* What is expected *
Copy every line of the records below that holds the word "subseteq".

START Provided records

(* Let $G$ be a finite group and let $x_1, \dots, x_n \in G$ be representatives of the distinct rational classes of $G$. Let $\chi \subseteq \{x_1, \dots, x_n\}$ be a largest subset such that for any two distinct $x_i, x_j \in \chi$ we have $\mathrm{Sol}_G(x_i) \neq \mathrm{Sol}_G(x_j)^g$ for all $g \in G$. Then $$|\mathrm{Solv}(G)| = \sum_{x \in \chi} [G : N_G(\mathrm{Sol}_G(x))].$$
   Context: For a finite group $G$ and $x \in G$, the solvabilizer of $x$ in $G$ is $\mathrm{Sol}_G(x) = \{y \in G : \langle x, y \rangle \text{ is solvable}\}$; $\mathrm{Solv}(G) = \{\mathrm{Sol}_G(x) : x \in G\}$ is the set of distinct solvabilizers. The rational class of $x \in G$ is the union of the conjugacy classes $(x^i)^G$ over all integers $i$ with $\gcd(|x|, i) = 1$. For a subset $X \subseteq G$ and $g \in G$, $X^g = \{g^{-1}xg : x \in X\}$, and $N_G(X) = \{g \in G : X^g = X\}$ is the normalizer of the subset $X$. *)

theory Defs
  imports "HOL-Algebra.Algebra"
begin

definition solvabilizer :: "('a, 'b) monoid_scheme \<Rightarrow> 'a \<Rightarrow> 'a set" where
  "solvabilizer G x =
     {y \<in> carrier G. solvable (G\<lparr>carrier := generate G {x, y}\<rparr>)}"

definition Solv :: "('a, 'b) monoid_scheme \<Rightarrow> 'a set set" where
  "Solv G = solvabilizer G ` carrier G"

definition set_conj :: "('a, 'b) monoid_scheme \<Rightarrow> 'a set \<Rightarrow> 'a \<Rightarrow> 'a set" where
  "set_conj G S g = {inv\<^bsub>G\<^esub> g \<otimes>\<^bsub>G\<^esub> s \<otimes>\<^bsub>G\<^esub> g | s. s \<in> S}"

definition set_normalizer :: "('a, 'b) monoid_scheme \<Rightarrow> 'a set \<Rightarrow> 'a set" where
  "set_normalizer G S = {g \<in> carrier G. set_conj G S g = S}"

definition conj_class :: "('a, 'b) monoid_scheme \<Rightarrow> 'a \<Rightarrow> 'a set" where
  "conj_class G x = {inv\<^bsub>G\<^esub> g \<otimes>\<^bsub>G\<^esub> x \<otimes>\<^bsub>G\<^esub> g | g. g \<in> carrier G}"

definition rational_class :: "('a, 'b) monoid_scheme \<Rightarrow> 'a \<Rightarrow> 'a set" where
  "rational_class G x =
     (\<Union>i \<in> {i::int. coprime (int (group.ord G x)) i}. conj_class G (x [^]\<^bsub>G\<^esub> i))"

definition index :: "('a, 'b) monoid_scheme \<Rightarrow> 'a set \<Rightarrow> nat" where
  "index G H = card (rcosets\<^bsub>G\<^esub> H)"

definition rational_class_reps :: "('a, 'b) monoid_scheme \<Rightarrow> 'a set \<Rightarrow> bool" where
  "rational_class_reps G R \<longleftrightarrow> R \<subseteq> carrier G \<and>
     (\<forall>y \<in> carrier G. \<exists>!r. r \<in> R \<and> y \<in> rational_class G r)"

definition sol_nonconj :: "('a, 'b) monoid_scheme \<Rightarrow> 'a set \<Rightarrow> bool" where
  "sol_nonconj G T \<longleftrightarrow> (\<forall>a \<in> T. \<forall>b \<in> T. a \<noteq> b \<longrightarrow>
     (\<forall>g \<in> carrier G. solvabilizer G a \<noteq> set_conj G (solvabilizer G b) g))"

end

theory Submission
  imports Defs
begin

END Provided records

* The answer *
(* Let $G$ be a finite group and let $x_1, \dots, x_n \in G$ be representatives of the distinct rational classes of $G$. Let $\chi \subseteq \{x_1, \dots, x_n\}$ be a largest subset such that for any two distinct $x_i, x_j \in \chi$ we have $\mathrm{Sol}_G(x_i) \neq \mathrm{Sol}_G(x_j)^g$ for all $g \in G$. Then $$|\mathrm{Solv}(G)| = \sum_{x \in \chi} [G : N_G(\mathrm{Sol}_G(x))].$$
   Context: For a finite group $G$ and $x \in G$, the solvabilizer of $x$ in $G$ is $\mathrm{Sol}_G(x) = \{y \in G : \langle x, y \rangle \text{ is solvable}\}$; $\mathrm{Solv}(G) = \{\mathrm{Sol}_G(x) : x \in G\}$ is the set of distinct solvabilizers. The rational class of $x \in G$ is the union of the conjugacy classes $(x^i)^G$ over all integers $i$ with $\gcd(|x|, i) = 1$. For a subset $X \subseteq G$ and $g \in G$, $X^g = \{g^{-1}xg : x \in X\}$, and $N_G(X) = \{g \in G : X^g = X\}$ is the normalizer of the subset $X$. *)
  "rational_class_reps G R \<longleftrightarrow> R \<subseteq> carrier G \<and>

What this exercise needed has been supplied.